Surveillance of congenital anomalies in England and Wales is carried out via a series of regional congenital anomaly registers which cover about 48% of all births, although Public Health England (the current funder) has plans to extend this nationally. The National Perinatal Epidemiology Unit runs the Congenital Anomaly Register for Oxfordshire, Berkshire and Buckinghamshire (CAROBB). CAROBB holds data on fetuses and babies with suspected and confirmed anomalies notified since 2005 and before that we have data for Oxford back to 1991. CAROBB contributes data to the national ‘hub’ and the pooled data collected by the hub are reported nationally by BINOCAR. CAROBB also contributes data to the European-wide congenital anomaly data collection EUROCAT.
The increasing national capacity for data linkage opens up a number of possibilities in terms of research which includes (although is not limited to): investigating the completeness of case notifications and the exploration of the potential added value of primary care data in the identification and surveillance of congenital anomalies; identifying outcomes in terms of mortality, hospitalization in childhood and use of primary care services by babies affected by specific congenital anomalies; and exploring the underlying causes of international variations in infant and child mortality rates associated with congenital anomalies.

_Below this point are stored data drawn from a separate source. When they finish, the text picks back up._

lemma is_instance_take_T_Suc:
  assumes r: "1 \<le> r" "r \<le> n"
    and "is_instance (zimin k) (take (Suc (code (bound (Suc r)))) T)"
  shows "is_instance (zimin (Suc k)) (take (Suc (code (bound r))) T)"
proof -
  define a d where "a = code (bound (Suc r))" and "d = code (step r)"
  have split: "code (bound r) = a + d" using code_bound_eq_step_add[OF r(1)] unfolding a_def d_def by simp
  have gap: "a + 2 \<le> d" using code_bound_Suc_add_2_le[OF r] unfolding a_def d_def .
  have within: "a + d < length T" using code_bound_less[of r] split length_T by simp
  have "\<forall>i\<le>a. T ! i = T ! (i + d)"
  proof (intro allI impI)
    fix i assume "i \<le> a"
    then have "instance_code (i + d) \<longleftrightarrow> instance_code i"
      using instance_code_add_step[OF r] instance_code_sub_step[OF r] unfolding a_def d_def by blast
    then show "T ! i = T ! (i + d)" using nth_T within length_T \<open>i \<le> a\<close> by simp
  qed
  then have "take (Suc (a + d)) T = take (Suc a) T @ drop (Suc a) (take d T) @ take (Suc a) T"
    by (intro take_Suc_add_border) (use gap within in simp_all)
  moreover have "drop (Suc a) (take d T) \<noteq> []" using gap within by simp
  ultimately show ?thesis
    using is_instance_zimin_Suc assms(3) split unfolding a_def by metis
qed

lemma is_instance_take_T:
  "j \<le> n \<Longrightarrow> is_instance (zimin (Suc j)) (take (Suc (code (bound (Suc n - j)))) T)"
proof (induction j)
  case 0
  have "T \<noteq> []" using length_T q_ge_2 by (metis list.size(3) power_not_zero zero_neq_numeral not_numeral_le_zero)
  then show ?case using code_bound_Suc_n is_instance_zimin_one by (cases T) simp_all
next
  case (Suc j)
  then have "is_instance (zimin (Suc j)) (take (Suc (code (bound (Suc (n - j))))) T)"
    by (simp add: Suc_diff_le)
  then show ?case using is_instance_take_T_Suc[of "n - j" "Suc j"] Suc.prems by simp
qed

lemma is_instance_T: "is_instance (zimin (n + 1)) T"
  using is_instance_take_T[of n] code_bound_one length_T q_ge_2 by simp

end

theorem theorem2:
  fixes q n m :: nat
  assumes "q \<ge> 2" and "n > 1" and "m = 2 ^ n - 1"
  shows "set (truth_table n q m) \<subseteq> {0, 1} \<and> is_instance (zimin (n + 1)) (truth_table n q m)"
proof
  show "set (truth_table n q m) \<subseteq> {0, 1}" unfolding truth_table_def by auto
  interpret zimin_truth_table q n using assms(1,2) by unfold_locales
  show "is_instance (zimin (n + 1)) (truth_table n q m)" using is_instance_T assms(3) by simp
qed

end
text \<open>
  The measure \<open>\<mu>\<^sub>g\<close> consists of atoms of mass \<open>\<Delta>\<^sup>+g(s)\<close> at the points \<open>s\<close> of \<open>[a,b)\<close>
  and a diffuse part of total mass \<open>g\<^sup>C(b) - g\<^sup>C(a)\<close>. Hence, for every constant \<open>c\<close>,
  the quantity \<open>c (g\<^sup>C(b) - g\<^sup>C(a)) + \<Sum>\<^sub>s f(s) \<Delta>\<^sup>+g(s) - \<integral> f d\<mu>\<^sub>g\<close> is minus the
  integral of \<open>f - c\<close> against the diffuse part, and so is bounded by \<open>K (g\<^sup>C(b) - g\<^sup>C(a))\<close>
  whenever \<open>|f - c| \<le> K\<close> on \<open>[a,b)\<close>. For \<open>c = f(a)\<close> one may take \<open>K = Var f\<close>, for
  \<open>c = (f(a) + f(b))/2\<close> even \<open>K = Var f / 2\<close>; the Hoelder condition gives
  \<open>g\<^sup>C(b) - g\<^sup>C(a) \<le> H (b - a)\<^sup>p\<close>, and \<open>(b - a)\<^sup>p / 2 \<le> ((b - a)/2)\<^sup>p\<close> as \<open>p \<le> 1\<close>.
  The diffuse part is never constructed: it suffices to remove finitely many atoms at a time and
  pass to the limit along finite sets of atoms.
\<close>

lemma (in finite_measure) integral_minus_atoms_bound:
  fixes h :: "'a \<Rightarrow> real"
  assumes A: "A \<in> sets M" "AE x in M. x \<in> A"
    and F: "finite F" "F \<subseteq> A" "\<And>s. s \<in> F \<Longrightarrow> {s} \<in> sets M"
    and h: "integrable M h" "\<And>x. x \<in> A \<Longrightarrow> \<bar>h x\<bar> \<le> K"
  shows "\<bar>integral\<^sup>L M h - (\<Sum>s\<in>F. h s * measure M {s})\<bar> \<le> K * (measure M A - measure M F)"
proof -
  have F_sets: "F \<in> sets M"
    using sets.countable[OF F(3) countable_finite[OF F(1)]] .
  have D_sets: "A - F \<in> sets M"
    using A(1) F_sets by blast
  have "AE x in M. h x = h x * indicator F x + h x * indicator (A - F) x"
    using A(2) by eventually_elim (auto simp: indicator_def)
  then have "integral\<^sup>L M h = (\<integral>x. h x * indicator F x + h x * indicator (A - F) x \<partial>M)"
    using F_sets D_sets h(1) by (intro integral_cong_AE) auto
  also have "\<dots> = (\<integral>x. h x * indicator F x \<partial>M) + (\<integral>x. h x * indicator (A - F) x \<partial>M)"
    using F_sets D_sets h(1) by (intro Bochner_Integration.integral_add integrable_real_mult_indicator)
  also have "(\<integral>x. h x * indicator F x \<partial>M) = (\<Sum>s\<in>F. h s * measure M {s})"
    using F by (intro integral_indicator_finite_real) (auto simp: less_top[symmetric])
  finally have split: "integral\<^sup>L M h - (\<Sum>s\<in>F. h s * measure M {s})
      = (\<integral>x. h x * indicator (A - F) x \<partial>M)" by simp
  have "\<bar>\<integral>x. h x * indicator (A - F) x \<partial>M\<bar> \<le> (\<integral>x. \<bar>h x * indicator (A - F) x\<bar> \<partial>M)"
    using integral_norm_bound[of M "\<lambda>x. h x * indicator (A - F) x"] by simp
  also have "\<dots> \<le> (\<integral>x. K * indicator (A - F) x \<partial>M)"
    using h D_sets
    by (intro integral_mono integrable_abs integrable_real_mult_indicator integrable_mult_right
        integrable_real_indicator) (auto simp: indicator_def abs_mult less_top[symmetric])
  also have "\<dots> = K * (measure M A - measure M F)"
    using A(1) F(2) F_sets by (simp add: finite_measure_Diff)
  finally show ?thesis
    unfolding split .
qed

*Examples of anomalies include: cleft lip and palate, Down’s syndrome, congenital heart defects, such as a ‘hole in the heart’, limb defects and absent limbs.
Research experience, research methods and skills training
The studentship is open to the development of a DPhil project which might focus on different aspects concerning congenital anomalies which are outlined in brief above (but could be extended) and therefore can potentially be guided by the specific interests of the candidate.

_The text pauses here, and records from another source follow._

lemma bounded_bilinear_cscale: "bounded_bilinear (cscale :: 'a::real_normed_field \<Rightarrow> 'a^'n^'m \<Rightarrow> _)"
proof
  fix a a' :: 'a and A A' :: "'a^'n^'m" and r :: real
  show "cscale (a + a') A = cscale a A + cscale a' A" "cscale a (A + A') = cscale a A + cscale a A'"
    "cscale (r *\<^sub>R a) A = r *\<^sub>R cscale a A" "cscale a (r *\<^sub>R A) = r *\<^sub>R cscale a A"
    by (simp_all add: vec_eq_iff distrib_left distrib_right)
next
  show "\<exists>K. \<forall>(a::'a) (A::'a^'n^'m). norm (cscale a A) \<le> norm a * norm A * K"
    by (rule exI[of _ 1]) (simp add: norm_cscale)
qed

lemma cscale_add_right: "cscale c (A + B) = cscale c A + cscale c (B :: 'a::semiring_1^'n^'m)"
  by (simp add: vec_eq_iff distrib_left)

lemma cscale_matrix_mult: "cscale c A ** B = cscale c ((A :: 'a::comm_semiring_1^2^2) ** (B :: 'a^2^2))"
  and matrix_mult_cscale: "A ** cscale c B = cscale c (A ** B)"
  by (rule matrix2_eqI; simp add: algebra_simps)+

lemma adjugate2_cscale: "adjugate2 (cscale c (A :: 'a::comm_ring_1^2^2)) = cscale c (adjugate2 A)"
  by (rule matrix2_eqI; simp)

lemma trace_cscale: "trace (cscale c A) = c * trace (A :: 'a::comm_semiring_1^2^2)"
  by (simp add: trace_2 algebra_simps)

lemma trace_conjugate_adjugate2: "trace (A ** B ** adjugate2 A) = det A * trace (B :: 'a::comm_ring_1^2^2)"
  by (simp add: trace_2 det_2 algebra_simps)

lemma matrix_inv_unique:
  fixes A B :: "'a::semiring_1^'n^'n"
  assumes "A ** B = mat 1" "B ** A = mat 1"
  shows "matrix_inv A = B"
proof -
  have inv: "A ** matrix_inv A = mat 1 \<and> matrix_inv A ** A = mat 1"
    unfolding matrix_inv_def by (rule someI[of _ B]) (use assms in simp)
  then have "matrix_inv A = matrix_inv A ** (A ** B)"
    using assms by (simp add: matrix_mul_rid)
  also have "\<dots> = B"
    using inv by (simp add: matrix_mul_assoc matrix_mul_lid)
  finally show ?thesis .
qed

section \<open>Matrix-valued calculus and uniform limits\<close>

lemma has_vector_derivative_vecI:
  fixes f :: "real \<Rightarrow> 'a::real_normed_vector^'n"
  assumes "\<And>i. ((\<lambda>x. f x $ i) has_vector_derivative f' $ i) F"
  shows "(f has_vector_derivative f') F"
proof -
  let ?x = "Lim F (\<lambda>x. x)"
  have "((\<lambda>y. (f y - f ?x - (y - ?x) *\<^sub>R f') /\<^sub>R norm (y - ?x)) \<longlongrightarrow> 0) F"
  proof (rule vec_tendstoI)
    fix i
    show "((\<lambda>y. ((f y - f ?x - (y - ?x) *\<^sub>R f') /\<^sub>R norm (y - ?x)) $ i) \<longlongrightarrow> 0 $ i) F"
      using assms[of i] unfolding has_vector_derivative_def has_derivative_def by simp
  qed
  then show ?thesis
    unfolding has_vector_derivative_def has_derivative_def by (simp add: bounded_linear_scaleR_left)
qed

lemma has_vector_derivative_matrixI:
  fixes f :: "real \<Rightarrow> 'a::real_normed_vector^'n^'m"
  assumes "\<And>i j. ((\<lambda>x. f x $ i $ j) has_vector_derivative f' $ i $ j) F"
  shows "(f has_vector_derivative f') F"
  by (intro has_vector_derivative_vecI assms)

lemma has_vector_derivative_nth_nth:
  "(f has_vector_derivative f') F \<Longrightarrow>
    ((\<lambda>x. f x $ i $ j) has_vector_derivative f' $ i $ j) F"
  by (rule bounded_linear.has_vector_derivative[OF bounded_linear_nth_nth])

lemma has_vector_derivative_matrix_mult_2:
  fixes f g :: "real \<Rightarrow> cmat2"
  assumes "(f has_vector_derivative f') (at x within S)" "(g has_vector_derivative g') (at x within S)"
  shows "((\<lambda>x. f x ** g x) has_vector_derivative (f x ** g' + f' ** g x)) (at x within S)"
  by (rule bounded_bilinear.has_vector_derivative[OF bounded_bilinear_matrix_mult_2 assms])

lemma continuous_on_matrix_mult_2 [continuous_intros]:
  fixes f g :: "'a::topological_space \<Rightarrow> cmat2"
  shows "continuous_on S f \<Longrightarrow> continuous_on S g \<Longrightarrow> continuous_on S (\<lambda>x. f x ** g x)"
  by (rule bounded_bilinear.continuous_on[OF bounded_bilinear_matrix_mult_2])

lemma continuous_on_cscale [continuous_intros]:
  fixes f :: "'a::topological_space \<Rightarrow> 'b::real_normed_field^'n^'m"
  shows "continuous_on S c \<Longrightarrow> continuous_on S f \<Longrightarrow> continuous_on S (\<lambda>x. cscale (c x) (f x))"
  by (rule bounded_bilinear.continuous_on[OF bounded_bilinear_cscale])

lemma continuous_on_adjugate2 [continuous_intros]:
  fixes f :: "'a::topological_space \<Rightarrow> 'b::real_normed_vector^2^2"
  shows "continuous_on S f \<Longrightarrow> continuous_on S (\<lambda>x. adjugate2 (f x))"
  by (rule bounded_linear.continuous_on[OF bounded_linear_adjugate2])

lemma continuous_on_nth_nth [continuous_intros]:
  fixes f :: "'a::topological_space \<Rightarrow> 'b::real_normed_vector^'n^'m"
  shows "continuous_on S f \<Longrightarrow> continuous_on S (\<lambda>x. f x $ i $ j)"
  by (rule bounded_linear.continuous_on[OF bounded_linear_nth_nth])

lemma continuous_on_matrix2 [continuous_intros]:
  fixes a b c d :: "'a::topological_space \<Rightarrow> 'b::topological_space"
  assumes "continuous_on S a" "continuous_on S b" "continuous_on S c" "continuous_on S d"
  shows "continuous_on S (\<lambda>x. matrix2 (a x) (b x) (c x) (d x))"
proof -
  have if_cont: "continuous_on S (\<lambda>x. if P then f x else g x)"
    if "continuous_on S f" "continuous_on S g" for P and f g :: "'a \<Rightarrow> 'b"
    using that by (cases P) auto
  show ?thesis
    unfolding matrix2_def by (intro continuous_on_vec_lambda if_cont assms)
qed

lemma bounded_continuous_image_Icc:
  "continuous_on {a..b} (f :: real \<Rightarrow> 'a::real_normed_vector) \<Longrightarrow> bounded (f ` {a..b})"
  by (rule compact_imp_bounded[OF compact_continuous_image[OF _ compact_Icc]])

lemma uniform_limit_tendsto_const: "(f \<longlongrightarrow> c) F \<Longrightarrow> uniform_limit S (\<lambda>l s. f l) (\<lambda>s. c) F"
  unfolding uniform_limit_iff using tendstoD by fastforce

lemma uniform_limit_at_Lipschitz:
  fixes f :: "'a::metric_space \<Rightarrow> 'b \<Rightarrow> 'c::metric_space"
  assumes "\<forall>\<^sub>F l in at m. \<forall>s\<in>S. dist (f l s) (g s) \<le> L * dist l m"
  shows "uniform_limit S f g (at m)"
proof (rule uniform_limitI)
  fix e :: real assume "e > 0"
  have "((\<lambda>l. L * dist l m) \<longlongrightarrow> L * dist m m) (at m)"
    by (intro tendsto_intros)
  then have "\<forall>\<^sub>F l in at m. L * dist l m < e"
    using \<open>e > 0\<close> by (auto dest: order_tendstoD)
  with assms show "\<forall>\<^sub>F l in at m. \<forall>s\<in>S. dist (f l s) (g s) < e"
    by eventually_elim force
qed

lemma uniform_limit_eventually_norm_le:
  fixes f :: "'i \<Rightarrow> 'a \<Rightarrow> 'b::real_normed_vector"
  assumes "uniform_limit S f g F" "\<And>s. s \<in> S \<Longrightarrow> norm (g s) \<le> B"
  shows "\<forall>\<^sub>F l in F. \<forall>s\<in>S. norm (f l s) \<le> B + 1"
  using uniform_limitD[OF assms(1) zero_less_one]
proof (rule eventually_mono, intro ballI)
  fix l s assume "\<forall>s\<in>S. dist (f l s) (g s) < 1" "s \<in> S"
  then show "norm (f l s) \<le> B + 1"
    using assms(2)[of s] norm_triangle_ineq2[of "f l s" "g s"] by (force simp: dist_norm)
qed

lemma uniform_limit_indefinite_integral:
  fixes f :: "'i \<Rightarrow> real \<Rightarrow> 'a::banach"
  assumes lim: "uniform_limit {a..b} f g F"
    and cont: "\<forall>\<^sub>F l in F. continuous_on {a..b} (f l)" "continuous_on {a..b} g"
  shows "uniform_limit {a..b} (\<lambda>l s. integral {a..s} (f l)) (\<lambda>s. integral {a..s} g) F"
proof (rule uniform_limitI)
  fix e :: real assume "e > 0"
  define e' where "e' = e / (b - a + 1)"
  show "\<forall>\<^sub>F l in F. \<forall>s\<in>{a..b}. dist (integral {a..s} (f l)) (integral {a..s} g) < e"
  proof (cases "a \<le> b")
    case True
    then have "e' > 0"
      using \<open>e > 0\<close> by (simp add: e'_def)
    from uniform_limitD[OF lim \<open>e' > 0\<close>] cont(1) show ?thesis
    proof eventually_elim
      case (elim l)
      show ?case
      proof
        fix s assume s: "s \<in> {a..b}"
        have sub: "{a..s} \<subseteq> {a..b}" using s by auto
        have "dist (integral {a..s} (f l)) (integral {a..s} g) = norm (integral {a..s} (\<lambda>u. f l u - g u))"
          using sub elim(2) cont(2)
          by (simp add: dist_norm integral_diff integrable_continuous_interval continuous_on_subset)
        also have "\<dots> \<le> e' * (s - a)"
        proof (rule integral_bound)
          show "continuous_on {a..s} (\<lambda>u. f l u - g u)"
            using sub elim(2) cont(2) by (intro continuous_intros) (auto intro: continuous_on_subset)
          show "norm (f l u - g u) \<le> e'" if "u \<in> {a..s}" for u
            using elim(1) sub that by (force simp: dist_norm)
        qed (use s in auto)
        also have "\<dots> < e' * (b - a + 1)"
          using s \<open>e > 0\<close> by (intro mult_strict_left_mono) (auto simp: e'_def)
        also have "\<dots> = e"
          using s by (simp add: e'_def)
        finally show "dist (integral {a..s} (f l)) (integral {a..s} g) < e" .
      qed
    qed
  qed simp
qed

lemma has_field_derivative_nth_nth_divided_difference:
  fixes f q :: "complex \<Rightarrow> cmat2"
  assumes "\<forall>\<^sub>F l in at m. f l - f m = cscale (l - m) (q l)" "(q \<longlongrightarrow> d) (at m)"
  shows "((\<lambda>l. f l $ i $ j) has_field_derivative d $ i $ j) (at m)"
  unfolding has_field_derivative_iff
proof (rule Lim_transform_eventually)
  show "((\<lambda>l. q l $ i $ j) \<longlongrightarrow> d $ i $ j) (at m)"
    by (intro tendsto_vec_nth assms(2))
  show "\<forall>\<^sub>F l in at m. q l $ i $ j = (f l $ i $ j - f m $ i $ j) / (l - m)"
  proof -
    have "\<forall>\<^sub>F l in at m. l \<noteq> m"
      by (simp add: eventually_at_filter)
    with assms(1) show ?thesis
      by eventually_elim (simp add: vec_eq_iff)
  qed
qed

lemma integral_nth_nth:
  "f integrable_on S \<Longrightarrow> integral S f $ i $ j = integral S (\<lambda>x. (f x :: 'a::real_normed_vector^'n^'m) $ i $ j)"
  using integral_linear[OF _ bounded_linear_nth_nth, of f S i j] by (simp add: o_def)

lemma integral_cscale:
  "f integrable_on S \<Longrightarrow> integral S (\<lambda>x. cscale c (f x)) = cscale c (integral S f :: 'a::real_normed_field^'n^'m)"
  using integral_linear[OF _ bounded_bilinear.bounded_linear_right[OF bounded_bilinear_cscale], of f S c]
  by (simp add: o_def)

lemma trace_integral:
  assumes "f integrable_on S"
  shows "trace (integral S f :: 'a::{real_normed_vector,semiring_1}^2^2) = integral S (\<lambda>x. trace (f x))"
proof -
  have "(\<lambda>x. f x $ i $ i) integrable_on S" for i
    using integrable_linear[OF assms bounded_linear_nth_nth] by (simp add: o_def)
  then show ?thesis
    using assms by (simp add: trace_2 integral_nth_nth integral_add)
qed

section \<open>Linear ODEs with a traceless Laurent pencil\<close>

lemma det_const_traceless_ode:
  fixes X Y :: "real \<Rightarrow> cmat2"
  assumes deriv: "\<And>t. (X has_vector_derivative X t ** Y t) (at t)" and traceless: "\<And>t. trace (Y t) = 0"
  shows "det (X t) = det (X s)"
proof -
  have "((\<lambda>u. det (X u)) has_vector_derivative 0) (at u within UNIV)" for u
  proof -
    note d = has_vector_derivative_nth_nth[OF deriv[of u]]
    have "((\<lambda>u. X u $ 1 $ 1 * X u $ 2 $ 2 - X u $ 1 $ 2 * X u $ 2 $ 1) has_vector_derivative
       X u $ 1 $ 1 * (X u ** Y u) $ 2 $ 2 + (X u ** Y u) $ 1 $ 1 * X u $ 2 $ 2
       - (X u $ 1 $ 2 * (X u ** Y u) $ 2 $ 1 + (X u ** Y u) $ 1 $ 2 * X u $ 2 $ 1)) (at u)"
      by (intro has_vector_derivative_diff has_vector_derivative_mult d)
    moreover have "Y u $ 2 $ 2 = - Y u $ 1 $ 1"
      using traceless[of u] by (simp add: trace_eq_0_iff_2)
    ultimately show ?thesis
      by (simp add: det_2 algebra_simps)
  qed
  then obtain c where "\<And>u. det (X u) = c"
    using has_vector_derivative_zero_constant[of UNIV "\<lambda>u. det (X u)"] by auto
  then show ?thesis by simp
qed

Each will need to involve the linkage of CAROBB data (and could potentially include data from other regional congenital anomalies registers) with routine data sources which might include mortality data, hospital episode statistics (HES), primary care data and other relevant sources of national data as they come on-stream, for example the national maternity and children’s data sets.
Each of the proposed projects will require review of the existing literature which would be anticipated to form a structured review using systematic review methods. Data handling will be highly analytical in nature and will provide experience of dealing with a moderate number of subjects potentially linked to extensive amounts of data thus giving experience of handling and cleaning a complex record-linked dataset. Standard analytical methods such as linear and logistic regression, repeated measures and survival analysis are likely to be used. The specific training needed will depend upon the prior experience of the candidate and their existing skills.
This project would suit someone with an interest in child health who wants to conduct quantitative research and is planning a career in the field of epidemiology.